One of the ways Experian's DataLabs did that during those early days was to create a sandbox that allowed Experian to combine its data with a client's data and apply artificial intelligence to the combined data to squeeze out that extra value.
Haller said DataLabs was an early adopter of Hadoop in the enterprise, which "8 years ago was amazingly cutting edge." Back then that Hadoop infrastructure was a differentiator because of the huge amounts of data that Experian DataLabs could store and analyze. The organization was running 100% of that on-premises until about 18 months ago. Since then it's added some hybrid environments to the mix where it makes sense. A lot of that has been led by evolving client preferences -- on-premises felt much more secure eight years ago, but these days many clients have some data stored in AWS.
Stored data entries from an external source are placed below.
definition bounds_lt :: "('k \<Rightarrow> 'm::linordered_ab_group_add \<Rightarrow> 'm) \<Rightarrow> ('k list \<times> 'm) option \<Rightarrow> ('k list \<times> 'm) option \<Rightarrow> 'm list \<Rightarrow> bool" where
  "bounds_lt sm lo hi x = (case (lo, hi) of
      (Some (l1, a1), Some (l2, a2)) \<Rightarrow> lf sm l1 a1 x < lf sm l2 a2 x
    | _ \<Rightarrow> True)"

inductive linear_cell :: "('k \<Rightarrow> 'm::linordered_ab_group_add \<Rightarrow> 'm) \<Rightarrow> nat \<Rightarrow> 'm list set \<Rightarrow> bool"
  for sm where
  zero: "linear_cell sm 0 {[]}"
| graph: "linear_cell sm k X \<Longrightarrow> length ls = k \<Longrightarrow>
          linear_cell sm (Suc k) ((\<lambda>x. x @ [lf sm ls a x]) ` X)"
| cyl: "linear_cell sm k X \<Longrightarrow>
        (\<forall>(ls, a) \<in> set_option lo. length ls = k) \<Longrightarrow>
        (\<forall>(ls, a) \<in> set_option hi. length ls = k) \<Longrightarrow>
        (\<forall>x\<in>X. bounds_lt sm lo hi x) \<Longrightarrow>
        linear_cell sm (Suc k) {x @ [t] | x t. x \<in> X \<and> lower_ok sm lo x t \<and> upper_ok sm hi x t}"

definition fiber :: "'m list set \<Rightarrow> 'm list \<Rightarrow> 'm set" where
  "fiber C y = {t. y @ [t] \<in> C}"

definition is_graph :: "'m list set \<Rightarrow> bool" where
  "is_graph C \<longleftrightarrow> (\<forall>x\<in>C. \<forall>y\<in>C. butlast x = butlast y \<longrightarrow> x = y)"

fun purely_unbounded :: "nat \<Rightarrow> 'm::linordered_ab_group_add list set \<Rightarrow> bool" where
  "purely_unbounded 0 C = (C = {[]})"
| "purely_unbounded (Suc n) C =
     ((\<forall>x\<in>C. length x = Suc n) \<and>
      ((is_graph C \<and> purely_unbounded n (butlast ` C)) \<or>
       (\<not> is_graph C \<and> purely_unbounded n (butlast ` C) \<and>
        (\<forall>N\<ge>0. \<exists>x\<in>C. \<not> fiber C (butlast x) \<subseteq> {last x - N .. last x + N}))))"

definition bounded_set :: "nat \<Rightarrow> 'm::linordered_ab_group_add list set \<Rightarrow> bool" where
  "bounded_set n D \<longleftrightarrow> (\<forall>d\<in>D. length d = n) \<and> (\<exists>N. \<forall>d\<in>D. \<forall>t\<in>set d. - N \<le> t \<and> t \<le> N)"

definition msum :: "'m::ab_group_add list set \<Rightarrow> 'm list set \<Rightarrow> 'm list set" where
  "msum J D = {map2 (+) g d | g d. g \<in> J \<and> d \<in> D}"

definition product_cell :: "('k \<Rightarrow> 'm::linordered_ab_group_add \<Rightarrow> 'm) \<Rightarrow> nat \<Rightarrow> 'm list set \<Rightarrow> bool" where
  "product_cell sm n C \<longleftrightarrow> linear_cell sm n C \<and>
     (\<exists>J D. linear_cell sm n J \<and> purely_unbounded n J \<and>
            linear_cell sm n D \<and> bounded_set n D \<and>
            C = msum J D \<and>
            (\<forall>c\<in>C. \<exists>!p. fst p \<in> J \<and> snd p \<in> D \<and> c = map2 (+) (fst p) (snd p)))"

end

theory Submission
  imports Defs
begin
Among the products enabled by this applied research was a credit risk score called the Extended View that used non-traditional data to help figure out the credit risk for people and small businesses that hadn't established a credit history. DataLabs is also paying close attention to providing transparency into the AI black box to ensure that algorithms operate fairly and without prejudice, Haller said.
Experian DataLabs still offers that data-combination-plus-AI service to its clients today, but the ability to accommodate those huge volumes of data is no longer the differentiator that it was in 2010.
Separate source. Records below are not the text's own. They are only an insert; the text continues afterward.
theorem theorem2:
  fixes d :: nat
  assumes "d \<ge> 2"
  shows "(\<forall>S :: real ^ ('n::finite + 'n) ^ ('n + 'n). symplectic S \<longrightarrow>
            (\<forall>h > 0. \<exists>ls. valid_psymp d ls \<and> length ls \<le> 5 * CARD('n) \<and>
               (\<forall>x. S *v x = psympnet h ls x)))
       \<and> (\<forall>S :: real ^ ('n + 'n) ^ ('n + 'n). symplectic S \<and> det (block_A S) \<noteq> 0 \<longrightarrow>
            (\<forall>h > 0. \<exists>ls. valid_psymp d ls \<and> length ls \<le> 4 * CARD('n) \<and>
               (\<forall>x. S *v x = psympnet h ls x)))
       \<and> (\<forall>M :: real ^ ('n + 'n) ^ ('n + 'n). transpose M = M \<longrightarrow>
            (\<exists>h0 > 0. \<forall>h. 0 < h \<and> h < h0 \<longrightarrow>
               (\<exists>ls. valid_psymp d ls \<and> length ls \<le> 2 * CARD('n) \<and>
                  (\<forall>x. mat_exp (h *\<^sub>R (Jmat ** M)) *v x = psympnet h ls x))))"
proof (intro conjI allI impI)
  fix S :: "real ^ ('n + 'n) ^ ('n + 'n)" and h :: real
  assume "symplectic S" "h > 0"
  then obtain ls where "valid_psymp d ls" "length ls \<le> 4 * CARD('n)" "\<forall>x. S *v x = psympnet h ls x"
    using symplectic_matrix_psympnet[OF assms, of S h] by auto
  then show "\<exists>ls. valid_psymp d ls \<and> length ls \<le> 5 * CARD('n) \<and> (\<forall>x. S *v x = psympnet h ls x)"
    by (intro exI[of _ ls]) simp
next
  \<comment> \<open>the bound 4n holds for every symplectic matrix\<close>
  fix S :: "real ^ ('n + 'n) ^ ('n + 'n)" and h :: real
  assume "symplectic S \<and> det (block_A S) \<noteq> 0" "h > 0"
  then show "\<exists>ls. valid_psymp d ls \<and> length ls \<le> 4 * CARD('n) \<and> (\<forall>x. S *v x = psympnet h ls x)"
    using symplectic_matrix_psympnet[OF assms, of S h] by simp
next
  fix M :: "real ^ ('n + 'n) ^ ('n + 'n)"
  assume "transpose M = M"
  then show "\<exists>h0>0. \<forall>h. 0 < h \<and> h < h0 \<longrightarrow> (\<exists>ls. valid_psymp d ls \<and> length ls \<le> 2 * CARD('n) \<and>
           (\<forall>x. mat_exp (h *\<^sub>R (Jmat ** M)) *v x = psympnet h ls x))"
    by (rule mat_exp_hamiltonian_psympnet[OF assms])
qed

end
Now the company is putting much more of its efforts into how it designs the customer experience. The increased attention to that element seems to be paying off.
Haller said that over the last 12 months the products built in DataLabs have generated almost $100 million in new business for its enterprise clients.
Newer projects at DataLabs include one that makes it easier for consumers to fill out the credit application for an auto loan, or for a new mobile phone contract. Those credit applications generally have 24 to 32 fields that are required to be filled. This new technology allows the AI software to fill out some of those fields on the consumer's behalf, given the data that DataLabs already has about that consumer.
Experian DataLabs is also working on a credit application experience that joins voice and display together, leveraging voice assistant-type tools like Alexa or Siri and displays that show more traditional forms. At the same time Experian DataLabs is readying its credit analytics on the back end to be ready for these new customer interfaces.
"We can roll out a product like that tomorrow, but the world is not ready for it yet," Haller said. The trains may be built "but there's a lot of railroad tracks that need to get put in place for consumers." Experian's plan is to be ready for that moment when the time is right.
The DataLabs and Haller's team gets that kind of latitude from Experian's executives.
"It's like the big ideas need some time and they need some space to grow, and the DataLabs have done a strong job in developing a pipeline of innovation. The products we've built are generating revenues, and they can see lots of products in the pipeline."
Could other enterprises put a DataLabs kind of organization in place, too?
"Yes," Haller said, "But they really are hard to pull off. I've had my dark times, too."
The first three years were the toughest, and challenges included talent recruitment and retention, building things and getting them over to the business side and then scaling them, and prioritizing projects, among others.
"Culturally it's got to be a company that is ready to take on those kinds of risks and a company that puts that kind of trust in place," Haller said. "It's got to be a company that will be comfortable during the first 3 years of what could very well be a bumpy ride while you try to find your identity within the enterprise."